标签: r list latitude-longitude distance

我已尽力阅读此内容,我认为我发现了最适合的流程,但如果其他人有任何想法或任何功能或不同的方法,我们将不胜感激。所以我有一个不同行长的小数据帧列表,每个数据帧在不同的列中包含几个纬度和经度坐标。对于列表中的每个项目,我需要删除一个可能是异常值的坐标对,然后找到剩余坐标的平均中心(因此最后列表中的每个项目应该有一个坐标对。

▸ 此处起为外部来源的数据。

(* Let $n\geq 5$ and let $(\mu_0^n,\cdot,[-,-])$ be a transposed Poisson algebra structure on the associative algebra $\mu_0^n$. Then it is isomorphic to one of the following pairwise non-isomorphic algebras: $\mathbf{TP}(1,0,\dots,0)$; $\mathbf{TP}(0,\alpha,0,\dots,0)$ with $\alpha\in\mathbb{C}$; and, for $4\leq s\leq n$, the algebra $\mathbf{TP}(\alpha_2,\dots,\alpha_n)$ with $\alpha_s=1$, $\alpha_{2s-3}=\alpha\in\mathbb{C}$ (this entry being present only when $2s-3\leq n$), and all other $\alpha_i=0$.
   Context: $\mu_0^n$ is the complex commutative associative algebra with basis $\{e_1,\dots,e_n\}$ and $e_i\cdot e_j=e_{i+j}$ for $2\leq i+j\leq n$, other products zero. A transposed Poisson algebra is a triple $(\mathfrak{L},\cdot,[-,-])$ with $(\mathfrak{L},\cdot)$ commutative associative, $(\mathfrak{L},[-,-])$ a Lie algebra, and $2z\cdot[x,y]=[z\cdot x,y]+[x,z\cdot y]$ for all $x,y,z$. For $\alpha_2,\dots,\alpha_n\in\mathbb{C}$, $\mathbf{TP}(\alpha_2,\dots,\alpha_n)$ denotes $\mu_0^n$ with its associative product together with the bracket $[e_i,e_j]=(j-i)\sum_{t=i+j-1}^{n}\alpha_{t-i-j+3}e_t$ for $3\leq i+j\leq n+1$, all other brackets of basis elements zero. An isomorphism of transposed Poisson algebras is a linear bijection preserving both operations. *)

theory Defs
  imports Complex_Main "HOL-Library.Function_Algebras"
begin

text \<open>Vectors of the n-dimensional space with basis e_1..e_n are functions
  nat => complex supported in {1..n}; the coordinate k is the e_k-coefficient.\<close>

definition vec_carrier :: "nat \<Rightarrow> (nat \<Rightarrow> complex) set" where
  "vec_carrier n = {v. \<forall>k. k \<notin> {1..n} \<longrightarrow> v k = 0}"

definition scal :: "complex \<Rightarrow> (nat \<Rightarrow> complex) \<Rightarrow> (nat \<Rightarrow> complex)" where
  "scal a v = (\<lambda>k. a * v k)"

text \<open>The associative product of mu_0^n: e_i e_j = e_(i+j) if i+j <= n, else 0.\<close>
definition mu0 :: "nat \<Rightarrow> (nat \<Rightarrow> complex) \<Rightarrow> (nat \<Rightarrow> complex) \<Rightarrow> (nat \<Rightarrow> complex)" where
  "mu0 n x y = (\<lambda>k. if 2 \<le> k \<and> k \<le> n then (\<Sum>i=1..k-1. x i * y (k - i)) else 0)"

definition linear_on :: "nat \<Rightarrow> ((nat \<Rightarrow> complex) \<Rightarrow> (nat \<Rightarrow> complex)) \<Rightarrow> bool" where
  "linear_on n f \<longleftrightarrow>
     (\<forall>x\<in>vec_carrier n. f x \<in> vec_carrier n) \<and>
     (\<forall>a x y. x \<in> vec_carrier n \<longrightarrow> y \<in> vec_carrier n \<longrightarrow>
        f (scal a x + y) = scal a (f x) + f y)"

definition bilinear_on :: "nat \<Rightarrow> ((nat \<Rightarrow> complex) \<Rightarrow> (nat \<Rightarrow> complex) \<Rightarrow> (nat \<Rightarrow> complex)) \<Rightarrow> bool" where
  "bilinear_on n b \<longleftrightarrow>
     (\<forall>x\<in>vec_carrier n. \<forall>y\<in>vec_carrier n. b x y \<in> vec_carrier n) \<and>
     (\<forall>a x y z. x \<in> vec_carrier n \<longrightarrow> y \<in> vec_carrier n \<longrightarrow> z \<in> vec_carrier n \<longrightarrow>
        b (scal a x + y) z = scal a (b x z) + b y z \<and>
        b z (scal a x + y) = scal a (b z x) + b z y)"

definition is_TP :: "nat \<Rightarrow> ((nat \<Rightarrow> complex) \<Rightarrow> (nat \<Rightarrow> complex) \<Rightarrow> (nat \<Rightarrow> complex))
    \<Rightarrow> ((nat \<Rightarrow> complex) \<Rightarrow> (nat \<Rightarrow> complex) \<Rightarrow> (nat \<Rightarrow> complex)) \<Rightarrow> bool" where
  "is_TP n m br \<longleftrightarrow>
     bilinear_on n m \<and> bilinear_on n br \<and>
     (\<forall>x\<in>vec_carrier n. \<forall>y\<in>vec_carrier n. m x y = m y x) \<and>
     (\<forall>x\<in>vec_carrier n. \<forall>y\<in>vec_carrier n. \<forall>z\<in>vec_carrier n. m (m x y) z = m x (m y z)) \<and>
     (\<forall>x\<in>vec_carrier n. br x x = 0) \<and>
     (\<forall>x\<in>vec_carrier n. \<forall>y\<in>vec_carrier n. \<forall>z\<in>vec_carrier n.
        br x (br y z) + br y (br z x) + br z (br x y) = 0) \<and>
     (\<forall>x\<in>vec_carrier n. \<forall>y\<in>vec_carrier n. \<forall>z\<in>vec_carrier n.
        scal 2 (m z (br x y)) = br (m z x) y + br x (m z y))"

definition TP_iso :: "nat
    \<Rightarrow> ((nat \<Rightarrow> complex) \<Rightarrow> (nat \<Rightarrow> complex) \<Rightarrow> (nat \<Rightarrow> complex))
    \<Rightarrow> ((nat \<Rightarrow> complex) \<Rightarrow> (nat \<Rightarrow> complex) \<Rightarrow> (nat \<Rightarrow> complex))
    \<Rightarrow> ((nat \<Rightarrow> complex) \<Rightarrow> (nat \<Rightarrow> complex) \<Rightarrow> (nat \<Rightarrow> complex))
    \<Rightarrow> ((nat \<Rightarrow> complex) \<Rightarrow> (nat \<Rightarrow> complex) \<Rightarrow> (nat \<Rightarrow> complex)) \<Rightarrow> bool" where
  "TP_iso n m1 b1 m2 b2 \<longleftrightarrow>
     (\<exists>\<phi>. linear_on n \<phi> \<and> bij_betw \<phi> (vec_carrier n) (vec_carrier n) \<and>
        (\<forall>x\<in>vec_carrier n. \<forall>y\<in>vec_carrier n.
           \<phi> (m1 x y) = m2 (\<phi> x) (\<phi> y) \<and> \<phi> (b1 x y) = b2 (\<phi> x) (\<phi> y)))"

text \<open>Bracket of TP(alpha_2,...,alpha_n) on basis elements:
  [e_i,e_j] = (j-i) * sum_{t=i+j-1}^n alpha_(t-i-j+3) e_t for 3 <= i+j <= n+1.
  Only alpha 2, ..., alpha n are used.\<close>
definition tp_basis :: "nat \<Rightarrow> (nat \<Rightarrow> complex) \<Rightarrow> nat \<Rightarrow> nat \<Rightarrow> nat \<Rightarrow> complex" where
  "tp_basis n \<alpha> i j t =
     (if 3 \<le> i + j \<and> i + j \<le> n + 1 \<and> i + j - 1 \<le> t \<and> t \<le> n
      then of_int (int j - int i) * \<alpha> (t + 3 - (i + j)) else 0)"

definition tp_bracket :: "nat \<Rightarrow> (nat \<Rightarrow> complex) \<Rightarrow> (nat \<Rightarrow> complex) \<Rightarrow> (nat \<Rightarrow> complex) \<Rightarrow> (nat \<Rightarrow> complex)" where
  "tp_bracket n \<alpha> x y = (\<lambda>t. \<Sum>i=1..n. \<Sum>j=1..n. x i * y j * tp_basis n \<alpha> i j t)"
lemma block2_mult:
  assumes "a \<in> carrier R" "b \<in> carrier R" "c \<in> carrier R" "d \<in> carrier R"
    "a' \<in> carrier R" "b' \<in> carrier R" "c' \<in> carrier R" "d' \<in> carrier R"
  shows "mat_mult R (block2 a b c d) (block2 a' b' c' d') =
     block2 (a \<otimes> a' \<oplus> b \<otimes> c') (a \<otimes> b' \<oplus> b \<otimes> d') (c \<otimes> a' \<oplus> d \<otimes> c') (c \<otimes> b' \<oplus> d \<otimes> d')"
proof (intro ext)
  fix l m
  have cB: "block2 a' b' c' d' k m \<in> carrier R" and cA: "block2 a b c d l k \<in> carrier R" for k m
    using assms by (simp_all add: block2_def)
  show "mat_mult R (block2 a b c d) (block2 a' b' c' d') l m =
     block2 (a \<otimes> a' \<oplus> b \<otimes> c') (a \<otimes> b' \<oplus> b \<otimes> d') (c \<otimes> a' \<oplus> d \<otimes> c') (c \<otimes> b' \<oplus> d \<otimes> d') l m"
  proof (cases "l < 2")
    case False
    then have "mat_mult R (block2 a b c d) (block2 a' b' c' d') l m = block2 a b c d l l \<otimes> block2 a' b' c' d' l m"
      by (intro mat_mult_row_diag) (use cB in \<open>auto simp: block2_def mat_one_def\<close>)
    then show ?thesis using False cB by (simp add: block2_def mat_one_def)
  next
    case True
    have "mat_mult R (block2 a b c d) (block2 a' b' c' d') l m
        = (\<Oplus>k\<in>{0,1}. block2 a b c d l k \<otimes> block2 a' b' c' d' k m)"
      by (intro mat_mult_eq_finsum) (use True cA cB in \<open>auto simp: block2_def mat_one_def\<close>)
    also have "\<dots> = block2 a b c d l 0 \<otimes> block2 a' b' c' d' 0 m \<oplus> block2 a b c d l 1 \<otimes> block2 a' b' c' d' 1 m"
      using cA cB by (simp add: finsum_insert)
    finally show ?thesis
      using True assms by (cases "m < 2") (auto simp: block2_def mat_one_def less_2_cases_iff)
  qed
qed
(* Let $(\mathcal{X},\tau,\mathcal{F})$ be either (a) the inverse image of a locally measurable vector space $(\mathcal{X}_1,\tau_1,\mathcal{F}_1)$ under a linear map $f_1\colon\mathcal{X}\to\mathcal{X}_1$ (in which case set $I=\{1\}$), or (b) the projective limit of a projective system of locally measurable vector spaces $(\mathcal{X}_i,\tau_i,\mathcal{F}_i,f_{i,j})_{i\le j}$ indexed by a directed preordered set $(I,\le)$, with canonical projections $f_i\colon\mathcal{X}\to\mathcal{X}_i$. For each $i\in I$ and $x_i\in\mathcal{X}_i$ let $\mathcal{V}_{i,x_i}$ be a local basis of neighborhoods of $x_i$ in $(\mathcal{X}_i,\tau_i)$ consisting of $\mathcal{F}_i$-measurable sets. Then for every $x\in\mathcal{X}$, the set $\mathcal{V}_x:=\{f_i^{-1}(V_i) : i\in I,\ V_i\in\mathcal{V}_{i,f_i(x)}\}$ is a local basis of neighborhoods of $x$ in $(\mathcal{X},\tau)$. In particular, every point of $\mathcal{X}$ admits a local basis of neighborhoods consisting of $\mathcal{F}$-measurable sets.
   Context: A locally measurable vector space is a triple $(\mathcal{Y},\sigma,\mathcal{G})$ with $\mathcal{Y}$ a real vector space, $\sigma$ a (not necessarily Hausdorff) vector space topology, $\mathcal{G}$ a $\sigma$-algebra, such that every point admits a local basis of neighborhoods belonging to $\mathcal{G}$ and every continuous linear functional is $\mathcal{G}$-measurable. Inverse image: $\tau$ and $\mathcal{F}$ are the initial topology and initial $\sigma$-algebra on the vector space $\mathcal{X}$ with respect to $f_1$. Projective system: $(I,\le)$ directed preordered set, $f_{i,j}\colon\mathcal{X}_j\to\mathcal{X}_i$ for $i\le j$ measurable, continuous and linear, $f_{i,i}=\mathrm{id}$, $f_{i,k}=f_{i,j}\circ f_{j,k}$ for $i\le j\le k$; the projective limit is $\mathcal{X}=\{(x_i)\in\prod_i\mathcal{X}_i: x_i=f_{i,j}(x_j)\ \forall i\le j\}$ with $f_i$ the coordinate projections, and $\tau$, $\mathcal{F}$ the initial topology and initial $\sigma$-algebra with respect to $(f_i)_{i\in I}$. *)

theory Defs
  imports "HOL-Analysis.Analysis"
begin

text \<open>Real vector spaces are represented as linear subspaces Y of an ambient real vector
  space type (possibly the whole type, Y = UNIV).\<close>

definition linear_on :: "'a::real_vector set \<Rightarrow> ('a \<Rightarrow> 'b::real_vector) \<Rightarrow> bool" where
  "linear_on Y \<phi> \<longleftrightarrow>
     (\<forall>x\<in>Y. \<forall>y\<in>Y. \<phi> (x + y) = \<phi> x + \<phi> y) \<and> (\<forall>c. \<forall>x\<in>Y. \<phi> (c *\<^sub>R x) = c *\<^sub>R \<phi> x)"

definition vector_space_topology :: "'a::real_vector set \<Rightarrow> 'a topology \<Rightarrow> bool" where
  "vector_space_topology Y T \<longleftrightarrow>
     subspace Y \<and> topspace T = Y \<and>
     continuous_map (prod_topology T T) T (\<lambda>(x, y). x + y) \<and>
     continuous_map (prod_topology euclideanreal T) T (\<lambda>(c, x). c *\<^sub>R x)"

definition is_nbhd :: "'a topology \<Rightarrow> 'a \<Rightarrow> 'a set \<Rightarrow> bool" where
  "is_nbhd T x N \<longleftrightarrow> N \<subseteq> topspace T \<and> (\<exists>U. openin T U \<and> x \<in> U \<and> U \<subseteq> N)"

definition local_basis :: "'a topology \<Rightarrow> 'a \<Rightarrow> 'a set set \<Rightarrow> bool" where
  "local_basis T x \<V> \<longleftrightarrow>
     (\<forall>V\<in>\<V>. is_nbhd T x V) \<and> (\<forall>N. is_nbhd T x N \<longrightarrow> (\<exists>V\<in>\<V>. V \<subseteq> N))"

definition locally_measurable_vs :: "'a::real_vector set \<Rightarrow> 'a topology \<Rightarrow> 'a set set \<Rightarrow> bool" where
  "locally_measurable_vs Y T G \<longleftrightarrow>
     vector_space_topology Y T \<and> sigma_algebra Y G \<and>
     (\<forall>x\<in>Y. \<exists>\<V>. local_basis T x \<V> \<and> \<V> \<subseteq> G) \<and>
     (\<forall>\<phi>::'a \<Rightarrow> real. linear_on Y \<phi> \<and> continuous_map T euclideanreal \<phi> \<longrightarrow>
        (\<forall>B\<in>sets borel. \<phi> -` B \<inter> Y \<in> G))"

definition initial_topology :: "'x set \<Rightarrow> 'i set \<Rightarrow> ('i \<Rightarrow> 'x \<Rightarrow> 'y) \<Rightarrow> ('i \<Rightarrow> 'y topology) \<Rightarrow> 'x topology" where
  "initial_topology X I f T =
     topology_generated_by (insert X {f i -` U \<inter> X | i U. i \<in> I \<and> openin (T i) U})"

我读过这样做的方法是分别找到所有纬度和长度的平均中心,然后计算从该平均中心到每个坐标对的欧氏距离,并去除超过a的点。期望的距离(比方说100米)。然后最终计算剩余点的平均中心作为最终结果。这对我来说似乎有点令人费解,所以再次,如果有人对协调异常值去除有任何建议,那可能会更好。

这是我到目前为止的一些代码:

dfList <- structure(list(`43` = structure(list(date = c("43 2011-04-06", "43 2011-04-07", "43 2011-04-08"), identifier = c(43, 43, 43), lon = c(-117.23041303, -117.23040817, -117.23039471), lat = c(32.81217294, 32.81218158, 32.81218645)), .Names = c("date", "identifier", "lon", "lat"), row.names = 13:15, class = "data.frame"), `44` = structure(list(date = c("44 2011-04-06", "44 2011-04-07", "44 2011-04-08"), identifier = c(44, 44, 44), lon = c(-117.22864227, -117.22861559, -117.22862265), lat = c(32.81257756, 32.81257089, 32.81257197)), .Names = c("date", "identifier", "lon", "lat"), row.names = 19:21, class = "data.frame"), `46` = structure(list(date = c("46 2011-04-06", "46 2011-04-07", "46 2011-04-08", "46 2011-04-09", "46 2011-04-10", "46 2011-04-11"), identifier = c(46, 46, 46, 46, 46, 46), lon = c(-117.22992617, -117.2289396895, -117.22965116, -117.23003928, -117.229922602, -117.22969664), lat = c(32.81295118, 32.8128226975, 32.81317299, 32.81224457, 32.813018734, 32.81276993)), .Names = c("date", "identifier", "lon", "lat"), row.names = 25:30, class = "data.frame"), `47` = structure(list(date = c("47 2011-04-06", "47 2011-04-07"), identifier = c(47, 47), lon = c(-117.2274484, -117.22747116), lat = c(32.81205838, 32.81207607)), .Names = c("date", "identifier", "lon", "lat"), row.names = 31:32, class = "data.frame")), .Names = c("43", "44", "46", "47"))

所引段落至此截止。